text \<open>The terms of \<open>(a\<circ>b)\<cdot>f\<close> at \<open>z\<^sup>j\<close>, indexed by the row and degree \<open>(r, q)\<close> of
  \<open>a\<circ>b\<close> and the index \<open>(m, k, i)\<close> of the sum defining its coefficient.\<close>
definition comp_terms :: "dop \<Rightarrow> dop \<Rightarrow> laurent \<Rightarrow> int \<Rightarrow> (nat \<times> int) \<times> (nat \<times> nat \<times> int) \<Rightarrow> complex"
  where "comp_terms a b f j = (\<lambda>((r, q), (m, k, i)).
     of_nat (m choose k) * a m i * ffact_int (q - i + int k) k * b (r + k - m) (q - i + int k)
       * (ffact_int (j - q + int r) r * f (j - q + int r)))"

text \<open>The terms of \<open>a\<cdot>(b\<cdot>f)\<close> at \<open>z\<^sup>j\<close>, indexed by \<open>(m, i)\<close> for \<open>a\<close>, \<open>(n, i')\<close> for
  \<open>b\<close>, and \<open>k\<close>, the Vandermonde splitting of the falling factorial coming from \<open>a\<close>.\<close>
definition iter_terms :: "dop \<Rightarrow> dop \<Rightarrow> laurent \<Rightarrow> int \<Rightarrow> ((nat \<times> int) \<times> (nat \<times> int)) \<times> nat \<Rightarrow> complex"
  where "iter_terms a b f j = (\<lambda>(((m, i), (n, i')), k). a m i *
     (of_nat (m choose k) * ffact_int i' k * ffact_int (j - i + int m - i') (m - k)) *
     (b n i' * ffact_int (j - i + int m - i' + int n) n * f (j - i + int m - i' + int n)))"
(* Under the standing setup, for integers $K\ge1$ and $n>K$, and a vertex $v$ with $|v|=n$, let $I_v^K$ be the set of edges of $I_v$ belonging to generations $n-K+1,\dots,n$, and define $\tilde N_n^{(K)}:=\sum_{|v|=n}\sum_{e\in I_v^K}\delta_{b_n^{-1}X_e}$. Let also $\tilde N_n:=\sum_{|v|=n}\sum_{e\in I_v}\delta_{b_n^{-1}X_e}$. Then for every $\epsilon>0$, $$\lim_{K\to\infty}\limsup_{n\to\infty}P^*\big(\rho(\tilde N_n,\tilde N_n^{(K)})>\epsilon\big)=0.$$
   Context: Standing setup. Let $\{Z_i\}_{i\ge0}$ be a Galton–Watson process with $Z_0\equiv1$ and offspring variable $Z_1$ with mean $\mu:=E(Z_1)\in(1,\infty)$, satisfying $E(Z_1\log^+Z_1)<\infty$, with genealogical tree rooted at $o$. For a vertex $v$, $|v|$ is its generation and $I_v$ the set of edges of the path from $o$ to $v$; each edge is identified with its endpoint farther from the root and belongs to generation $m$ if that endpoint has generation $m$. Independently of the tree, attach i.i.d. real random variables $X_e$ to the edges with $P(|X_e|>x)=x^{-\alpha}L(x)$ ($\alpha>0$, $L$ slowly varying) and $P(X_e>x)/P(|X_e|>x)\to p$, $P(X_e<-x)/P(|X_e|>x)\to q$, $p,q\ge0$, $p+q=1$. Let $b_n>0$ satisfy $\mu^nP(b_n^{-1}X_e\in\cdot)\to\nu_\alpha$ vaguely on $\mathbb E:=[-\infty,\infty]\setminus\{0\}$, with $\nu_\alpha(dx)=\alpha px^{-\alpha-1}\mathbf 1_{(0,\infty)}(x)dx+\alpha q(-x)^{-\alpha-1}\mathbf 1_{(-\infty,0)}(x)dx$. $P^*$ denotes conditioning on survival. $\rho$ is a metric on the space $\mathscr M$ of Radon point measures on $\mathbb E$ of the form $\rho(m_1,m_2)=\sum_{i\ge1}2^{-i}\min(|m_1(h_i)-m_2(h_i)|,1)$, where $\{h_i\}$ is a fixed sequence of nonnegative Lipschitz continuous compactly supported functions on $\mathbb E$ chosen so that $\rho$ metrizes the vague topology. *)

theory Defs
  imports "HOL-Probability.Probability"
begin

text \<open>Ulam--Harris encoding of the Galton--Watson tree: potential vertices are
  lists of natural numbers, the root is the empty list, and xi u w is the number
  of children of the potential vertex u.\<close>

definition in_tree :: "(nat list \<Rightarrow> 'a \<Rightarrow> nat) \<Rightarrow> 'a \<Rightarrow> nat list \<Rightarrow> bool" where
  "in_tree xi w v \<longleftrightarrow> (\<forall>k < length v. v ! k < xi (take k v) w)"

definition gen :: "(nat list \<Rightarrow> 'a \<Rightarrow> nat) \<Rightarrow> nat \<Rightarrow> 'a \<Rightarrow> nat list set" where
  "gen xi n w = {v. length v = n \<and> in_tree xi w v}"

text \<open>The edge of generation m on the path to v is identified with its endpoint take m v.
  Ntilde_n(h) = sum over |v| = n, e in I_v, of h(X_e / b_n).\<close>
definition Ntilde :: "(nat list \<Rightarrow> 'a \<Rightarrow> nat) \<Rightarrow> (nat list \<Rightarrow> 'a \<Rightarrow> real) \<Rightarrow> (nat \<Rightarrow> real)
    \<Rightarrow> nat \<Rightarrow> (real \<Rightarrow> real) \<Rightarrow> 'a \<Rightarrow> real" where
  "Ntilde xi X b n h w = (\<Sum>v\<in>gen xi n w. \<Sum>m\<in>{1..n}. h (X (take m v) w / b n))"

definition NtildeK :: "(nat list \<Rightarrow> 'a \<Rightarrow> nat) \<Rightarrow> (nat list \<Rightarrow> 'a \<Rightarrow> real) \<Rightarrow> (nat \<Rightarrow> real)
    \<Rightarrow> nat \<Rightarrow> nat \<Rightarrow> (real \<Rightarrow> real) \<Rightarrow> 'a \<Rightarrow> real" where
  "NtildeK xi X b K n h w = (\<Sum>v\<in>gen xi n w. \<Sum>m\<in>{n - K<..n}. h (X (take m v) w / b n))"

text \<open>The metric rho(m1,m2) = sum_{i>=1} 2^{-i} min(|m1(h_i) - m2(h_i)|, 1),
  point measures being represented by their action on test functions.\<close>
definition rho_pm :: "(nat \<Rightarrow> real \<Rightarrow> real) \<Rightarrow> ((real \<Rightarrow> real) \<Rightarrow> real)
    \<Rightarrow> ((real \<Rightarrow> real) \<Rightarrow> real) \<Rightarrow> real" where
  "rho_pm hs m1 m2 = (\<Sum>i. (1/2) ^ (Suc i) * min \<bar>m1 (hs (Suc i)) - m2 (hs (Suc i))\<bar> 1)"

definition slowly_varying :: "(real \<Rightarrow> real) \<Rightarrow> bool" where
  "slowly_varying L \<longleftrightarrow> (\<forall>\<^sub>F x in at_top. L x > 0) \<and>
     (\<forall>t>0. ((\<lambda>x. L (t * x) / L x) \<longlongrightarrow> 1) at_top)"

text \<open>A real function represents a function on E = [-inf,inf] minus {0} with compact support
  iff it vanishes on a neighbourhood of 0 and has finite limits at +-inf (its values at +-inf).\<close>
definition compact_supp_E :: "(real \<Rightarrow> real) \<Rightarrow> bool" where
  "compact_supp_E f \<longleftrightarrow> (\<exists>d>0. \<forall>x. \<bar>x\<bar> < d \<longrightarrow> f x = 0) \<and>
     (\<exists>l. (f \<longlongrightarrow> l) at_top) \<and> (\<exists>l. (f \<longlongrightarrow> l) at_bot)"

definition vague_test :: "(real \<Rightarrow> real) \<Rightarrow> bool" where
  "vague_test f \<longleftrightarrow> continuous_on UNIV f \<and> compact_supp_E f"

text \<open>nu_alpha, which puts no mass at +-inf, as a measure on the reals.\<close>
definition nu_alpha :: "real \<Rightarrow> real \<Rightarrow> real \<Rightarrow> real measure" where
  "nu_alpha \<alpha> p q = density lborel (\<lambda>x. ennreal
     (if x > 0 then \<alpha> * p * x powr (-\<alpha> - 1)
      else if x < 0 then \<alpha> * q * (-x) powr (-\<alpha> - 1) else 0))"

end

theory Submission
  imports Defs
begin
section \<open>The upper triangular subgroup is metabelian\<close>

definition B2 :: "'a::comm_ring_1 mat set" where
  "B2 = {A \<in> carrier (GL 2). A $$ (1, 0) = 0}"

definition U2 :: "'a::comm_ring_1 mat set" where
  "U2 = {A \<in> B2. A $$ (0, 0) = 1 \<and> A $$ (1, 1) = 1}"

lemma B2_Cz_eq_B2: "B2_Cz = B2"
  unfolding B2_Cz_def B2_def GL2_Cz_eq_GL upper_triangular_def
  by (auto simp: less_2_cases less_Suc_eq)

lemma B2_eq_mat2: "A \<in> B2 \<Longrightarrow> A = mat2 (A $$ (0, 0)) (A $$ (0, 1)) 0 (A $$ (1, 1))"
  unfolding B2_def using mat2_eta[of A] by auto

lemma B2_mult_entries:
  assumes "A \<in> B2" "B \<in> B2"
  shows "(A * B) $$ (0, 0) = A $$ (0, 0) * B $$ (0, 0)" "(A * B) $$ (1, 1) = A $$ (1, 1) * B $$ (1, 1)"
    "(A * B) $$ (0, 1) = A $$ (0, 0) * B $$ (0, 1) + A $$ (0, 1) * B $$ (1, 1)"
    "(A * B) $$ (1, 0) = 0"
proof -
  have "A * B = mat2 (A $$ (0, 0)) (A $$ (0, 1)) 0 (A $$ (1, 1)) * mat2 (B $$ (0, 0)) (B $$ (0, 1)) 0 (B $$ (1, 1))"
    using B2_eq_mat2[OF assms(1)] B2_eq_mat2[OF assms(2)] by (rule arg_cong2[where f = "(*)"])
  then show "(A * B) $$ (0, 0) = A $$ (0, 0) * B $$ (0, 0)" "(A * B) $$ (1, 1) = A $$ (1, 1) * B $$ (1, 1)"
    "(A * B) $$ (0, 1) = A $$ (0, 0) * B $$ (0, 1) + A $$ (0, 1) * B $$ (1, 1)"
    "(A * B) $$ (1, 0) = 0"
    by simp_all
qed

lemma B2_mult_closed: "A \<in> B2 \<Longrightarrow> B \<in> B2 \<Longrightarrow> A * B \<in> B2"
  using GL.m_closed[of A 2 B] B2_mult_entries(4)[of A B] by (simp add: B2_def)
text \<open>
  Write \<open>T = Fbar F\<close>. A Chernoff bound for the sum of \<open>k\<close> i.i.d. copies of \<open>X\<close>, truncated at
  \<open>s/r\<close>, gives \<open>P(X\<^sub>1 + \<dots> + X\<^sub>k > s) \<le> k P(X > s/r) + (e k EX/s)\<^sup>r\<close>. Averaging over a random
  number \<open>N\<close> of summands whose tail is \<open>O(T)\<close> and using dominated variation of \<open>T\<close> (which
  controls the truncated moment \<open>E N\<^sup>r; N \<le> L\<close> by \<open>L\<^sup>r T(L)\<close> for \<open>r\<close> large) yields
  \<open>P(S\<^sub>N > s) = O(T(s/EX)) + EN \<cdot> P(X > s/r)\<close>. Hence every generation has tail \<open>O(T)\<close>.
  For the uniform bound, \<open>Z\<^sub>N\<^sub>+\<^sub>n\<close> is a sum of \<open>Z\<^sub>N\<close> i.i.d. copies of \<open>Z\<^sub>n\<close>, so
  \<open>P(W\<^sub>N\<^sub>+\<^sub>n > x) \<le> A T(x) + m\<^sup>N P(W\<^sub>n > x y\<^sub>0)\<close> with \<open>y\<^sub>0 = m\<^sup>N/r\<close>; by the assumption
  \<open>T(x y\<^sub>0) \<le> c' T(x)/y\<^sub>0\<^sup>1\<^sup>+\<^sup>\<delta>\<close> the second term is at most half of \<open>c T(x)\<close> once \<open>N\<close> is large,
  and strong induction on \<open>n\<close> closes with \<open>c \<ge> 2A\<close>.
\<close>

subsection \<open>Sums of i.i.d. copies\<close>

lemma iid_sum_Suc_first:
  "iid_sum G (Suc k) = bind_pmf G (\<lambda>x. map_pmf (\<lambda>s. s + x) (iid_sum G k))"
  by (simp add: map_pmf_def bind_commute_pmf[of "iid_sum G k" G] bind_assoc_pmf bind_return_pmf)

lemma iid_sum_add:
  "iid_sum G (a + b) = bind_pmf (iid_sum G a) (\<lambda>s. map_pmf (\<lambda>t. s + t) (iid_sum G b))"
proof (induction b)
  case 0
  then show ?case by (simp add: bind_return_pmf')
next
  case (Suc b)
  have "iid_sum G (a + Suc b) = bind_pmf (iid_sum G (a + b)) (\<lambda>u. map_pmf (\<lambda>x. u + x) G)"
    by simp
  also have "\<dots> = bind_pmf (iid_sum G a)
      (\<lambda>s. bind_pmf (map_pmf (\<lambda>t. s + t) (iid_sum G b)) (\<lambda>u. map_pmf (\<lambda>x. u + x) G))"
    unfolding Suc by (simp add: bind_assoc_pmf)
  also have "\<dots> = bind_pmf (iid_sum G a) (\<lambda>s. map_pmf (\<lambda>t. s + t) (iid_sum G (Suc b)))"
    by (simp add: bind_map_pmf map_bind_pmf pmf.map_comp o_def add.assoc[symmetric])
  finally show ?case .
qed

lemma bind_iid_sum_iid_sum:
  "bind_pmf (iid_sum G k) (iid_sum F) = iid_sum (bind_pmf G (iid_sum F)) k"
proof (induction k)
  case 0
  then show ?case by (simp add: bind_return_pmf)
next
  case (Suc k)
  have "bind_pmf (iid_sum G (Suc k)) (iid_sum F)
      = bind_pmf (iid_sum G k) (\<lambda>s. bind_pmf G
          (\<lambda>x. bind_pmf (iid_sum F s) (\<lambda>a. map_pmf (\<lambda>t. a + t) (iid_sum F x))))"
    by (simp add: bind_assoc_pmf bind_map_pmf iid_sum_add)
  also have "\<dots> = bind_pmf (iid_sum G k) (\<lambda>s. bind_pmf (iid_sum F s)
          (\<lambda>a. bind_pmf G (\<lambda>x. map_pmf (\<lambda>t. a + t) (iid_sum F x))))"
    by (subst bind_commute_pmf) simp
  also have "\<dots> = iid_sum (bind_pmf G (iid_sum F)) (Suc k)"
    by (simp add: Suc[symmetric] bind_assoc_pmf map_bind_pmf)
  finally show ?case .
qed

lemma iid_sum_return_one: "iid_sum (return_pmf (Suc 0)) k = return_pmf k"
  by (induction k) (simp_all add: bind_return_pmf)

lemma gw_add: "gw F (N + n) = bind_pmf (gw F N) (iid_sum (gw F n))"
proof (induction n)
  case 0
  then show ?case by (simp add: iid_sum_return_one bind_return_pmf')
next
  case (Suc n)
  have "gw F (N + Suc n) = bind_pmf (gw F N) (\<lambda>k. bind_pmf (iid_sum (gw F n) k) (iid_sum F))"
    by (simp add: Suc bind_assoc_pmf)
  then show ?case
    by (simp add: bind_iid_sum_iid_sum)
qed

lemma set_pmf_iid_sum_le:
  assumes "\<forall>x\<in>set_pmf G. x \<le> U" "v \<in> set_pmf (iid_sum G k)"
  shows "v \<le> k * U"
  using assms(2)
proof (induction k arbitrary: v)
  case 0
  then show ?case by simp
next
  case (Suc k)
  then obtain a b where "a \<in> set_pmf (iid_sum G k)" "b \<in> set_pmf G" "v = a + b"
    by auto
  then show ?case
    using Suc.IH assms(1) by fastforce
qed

What to produce: Here the output must be the lines above from the line with "Ntilde_n(h) = sum" to the line with "real) \<Rightarrow> ((real", both included, duplicated word for word and nothing else.

Written response:
  Ntilde_n(h) = sum over |v| = n, e in I_v, of h(X_e / b_n).\<close>
definition Ntilde :: "(nat list \<Rightarrow> 'a \<Rightarrow> nat) \<Rightarrow> (nat list \<Rightarrow> 'a \<Rightarrow> real) \<Rightarrow> (nat \<Rightarrow> real)
    \<Rightarrow> nat \<Rightarrow> (real \<Rightarrow> real) \<Rightarrow> 'a \<Rightarrow> real" where
  "Ntilde xi X b n h w = (\<Sum>v\<in>gen xi n w. \<Sum>m\<in>{1..n}. h (X (take m v) w / b n))"

definition NtildeK :: "(nat list \<Rightarrow> 'a \<Rightarrow> nat) \<Rightarrow> (nat list \<Rightarrow> 'a \<Rightarrow> real) \<Rightarrow> (nat \<Rightarrow> real)
    \<Rightarrow> nat \<Rightarrow> nat \<Rightarrow> (real \<Rightarrow> real) \<Rightarrow> 'a \<Rightarrow> real" where
  "NtildeK xi X b K n h w = (\<Sum>v\<in>gen xi n w. \<Sum>m\<in>{n - K<..n}. h (X (take m v) w / b n))"

text \<open>The metric rho(m1,m2) = sum_{i>=1} 2^{-i} min(|m1(h_i) - m2(h_i)|, 1),
  point measures being represented by their action on test functions.\<close>
definition rho_pm :: "(nat \<Rightarrow> real \<Rightarrow> real) \<Rightarrow> ((real \<Rightarrow> real) \<Rightarrow> real)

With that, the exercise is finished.